However, the above-mentioned manner of implementing supply chain management by using a blockchain is to upload information by using each enterprise as a blockchain node, and does not concern the management control problem of each link of the supply chain, and the targets and requirements of different links are different, the execution of each link may directly affect the transaction efficiency of the whole supply chain, and the supply chain management by using each enterprise as a node still cannot fully integrate the supply chain, and the transaction processing efficiency still needs to be improved, and the stability and reliability of the transaction are also affected.

Disclosure of Invention

The technical problem to be solved by the invention is as follows: aiming at the technical problems in the prior art, the invention provides a supply chain management method and system based on volatility clustering and block chains, which can fully integrate a supply chain, improve transaction processing efficiency, and have the advantages of simple implementation method, high automation degree, stability and reliability.

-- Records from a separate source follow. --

theory Submission
  imports Defs "HOL-Complex_Analysis.Complex_Analysis"
begin

text \<open>The kernel \<open>t powr (-s) * cot (pi * t)\<close> is holomorphic on \<open>Re t > 0\<close> except for simple
  poles at the positive integers \<open>n\<close>, with residues \<open>n powr (-s) / pi\<close>. Integrating it around the
  rectangle with vertical sides \<open>Re t = c\<close>, \<open>Re t = c + N\<close> and horizontal sides \<open>Im t = \<plusminus>T\<close>,
  the horizontal sides vanish as \<open>T \<rightarrow> \<infinity>\<close>: there \<open>cot (pi * t)\<close> is bounded while
  \<open>|t powr (-s)| \<le> exp (pi * |Im s| / 2) * |t| powr (- Re s)\<close>. So the integral along \<open>Re t = c\<close>
  is the one along \<open>Re t = c + N\<close> minus \<open>2 * (\<Sum>n\<le>N. n powr (-s))\<close>. On every line
  \<open>Re t = c + N\<close> one has \<open>|cot (pi * t)| \<le> 1 / sin (pi * c)\<close>, giving a majorant independent of
  \<open>N\<close>, so by dominated convergence the shifted integral tends to \<open>0\<close> as \<open>N \<rightarrow> \<infinity>\<close>.\<close>

lemma norm_sin_squared_Re_Im:
  "norm (sin z) ^ 2 = sin (Re z) ^ 2 + (exp (Im z) - inverse (exp (Im z))) ^ 2 / 4"
proof -
  have "norm (sin z) ^ 2 = norm (cos (of_real (pi/2) - z)) ^ 2" by (simp add: cos_diff)
  also have "\<dots> = sin (Re z) ^ 2 + (exp (- Im z) - inverse (exp (- Im z))) ^ 2 / 4"
    by (simp only: norm_cos_squared) (simp add: cos_diff)
  also have "(exp (- Im z) - inverse (exp (- Im z))) ^ 2 = (exp (Im z) - inverse (exp (Im z))) ^ 2"
    by (simp add: exp_minus power2_commute)
  finally show ?thesis .
qed

lemma norm_cot_le_inverse_abs_sin_Re:
  assumes "sin (Re z) \<noteq> 0"
  shows "norm (cot z) \<le> 1 / \<bar>sin (Re z)\<bar>"
proof -
  define S where "S = (exp (Im z) - inverse (exp (Im z))) ^ 2 / 4"
  define a where "a = sin (Re z) ^ 2"
  have a: "0 < a" "a \<le> 1" using assms by (auto simp: a_def abs_square_le_1)
  have S: "0 \<le> S" by (simp add: S_def)
  have "norm (cot z) ^ 2 = (1 - a + S) / (a + S)"
    by (simp add: cot_def norm_divide power_divide norm_cos_squared norm_sin_squared_Re_Im
        S_def a_def cos_squared_eq)
  also have "\<dots> \<le> 1 / a"
  proof -
    have "a * S \<le> S" using a S by (simp add: mult_left_le_one_le)
    moreover have "a * (1 - a + S) = a + a * S - a * a" by (simp add: algebra_simps)
    moreover have "0 \<le> a * a" by simp
    ultimately have "a * (1 - a + S) \<le> a + S" by linarith
    then show ?thesis using a S by (simp add: divide_le_eq le_divide_eq mult.commute)
  qed
  also have "\<dots> = (1 / \<bar>sin (Re z)\<bar>) ^ 2" by (simp add: a_def power_divide)
  finally show ?thesis by (rule power2_le_imp_le) simp
qed

lemma norm_cot_le_2:
  assumes "1 \<le> \<bar>Im z\<bar>"
  shows "norm (cot z) \<le> 2"
proof -
  define S where "S = (exp (Im z) - inverse (exp (Im z))) ^ 2 / 4"
  have "1 \<le> \<bar>(exp (Im z) - inverse (exp (Im z))) / 2\<bar>"
    using real_le_abs_sinh[of "Im z"] assms by linarith
  then have "1 \<le> \<bar>(exp (Im z) - inverse (exp (Im z))) / 2\<bar> ^ 2"
    by (rule one_le_power)
  then have S: "1 \<le> S" by (simp add: S_def power_divide del: power_abs)
  have "norm (cot z) ^ 2 = (cos (Re z) ^ 2 + S) / (sin (Re z) ^ 2 + S)"
    by (simp add: cot_def norm_divide power_divide norm_cos_squared norm_sin_squared_Re_Im S_def)
  also have "\<dots> \<le> 2 ^ 2"
  proof -
    have "cos (Re z) ^ 2 + S \<le> 1 + S" by (simp add: abs_square_le_1)
    also have "\<dots> \<le> 4 * S" using S by simp
    also have "\<dots> \<le> 4 * (sin (Re z) ^ 2 + S)" by simp
    finally have "cos (Re z) ^ 2 + S \<le> 4 * (sin (Re z) ^ 2 + S)" .
    moreover have "0 < sin (Re z) ^ 2 + S" using S by (simp add: add_nonneg_pos)
    ultimately show ?thesis by (simp add: divide_le_eq)
  qed
  finally show ?thesis by (rule power2_le_imp_le) simp
qed

lemma norm_powr_le_Re_pos:
  fixes z w :: complex
  assumes "0 < Re z"
  shows "norm (z powr w) \<le> exp (pi/2 * \<bar>Im w\<bar>) * norm z powr Re w"
proof -
  have "\<bar>Arg z\<bar> < pi/2" using assms Arg_Re_pos by blast
  have "- Im w * Arg z \<le> \<bar>Im w\<bar> * \<bar>Arg z\<bar>"
    by (metis abs_ge_self abs_minus_cancel abs_mult mult_minus_left)
  also have "\<dots> \<le> \<bar>Im w\<bar> * (pi/2)"
    using \<open>\<bar>Arg z\<bar> < pi/2\<close> by (intro mult_left_mono) auto
  finally have "- Im w * Arg z \<le> pi/2 * \<bar>Im w\<bar>" by (simp add: mult.commute)
  then show ?thesis
    unfolding norm_powr_complex by (subst mult.commute) (intro mult_left_mono; simp)
qed

lemma abs_sin_add_nat_times_pi: "\<bar>sin (x + real n * pi)\<bar> = \<bar>sin x\<bar>"
proof (induction n)
  case (Suc n)
  have "sin (x + real (Suc n) * pi) = sin ((x + real n * pi) + pi)" by (simp add: algebra_simps)
  also have "\<dots> = - sin (x + real n * pi)" by (rule sin_periodic_pi)
  finally have "sin (x + real (Suc n) * pi) = - sin (x + real n * pi)" .
  with Suc show ?case by simp
qed simp

lemma add_of_nat_notin_Ints:
  assumes "0 < c" "c < 1"
  shows "c + real n \<notin> \<int>"
proof
  assume "c + real n \<in> \<int>"
  then have "c \<in> \<int>" using Ints_diff[of "c + real n" "real n"] by simp
  then obtain m :: int where "c = of_int m" by (auto elim: Ints_cases)
  with assms show False by simp
qed

lemma Complex_notin_Ints: "x \<notin> \<int> \<Longrightarrow> Complex x y \<notin> \<int>"
  by (auto elim!: Ints_cases simp: complex_eq_iff)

In order to solve the technical problems, the technical scheme provided by the invention is as follows:

a supply chain management method based on volatility clustering and block chain comprises the following steps:

constructing a block chain according to the relation of each link in the supply chain, wherein each link in the supply chain is respectively used as a block chain node;

when a target block chain node in a supply chain acquires real-time supply chain data, inputting the real-time supply chain data and historical supply chain data into a pre-constructed volatility clustering prediction model, and clustering volatility of the input supply chain data by using a neural network model by the volatility clustering prediction model to predict volatility of a supply chain state;

and the target block chain node controls to execute an intelligent contract when the corresponding preset fluctuation state condition is met according to the obtained fluctuation prediction result.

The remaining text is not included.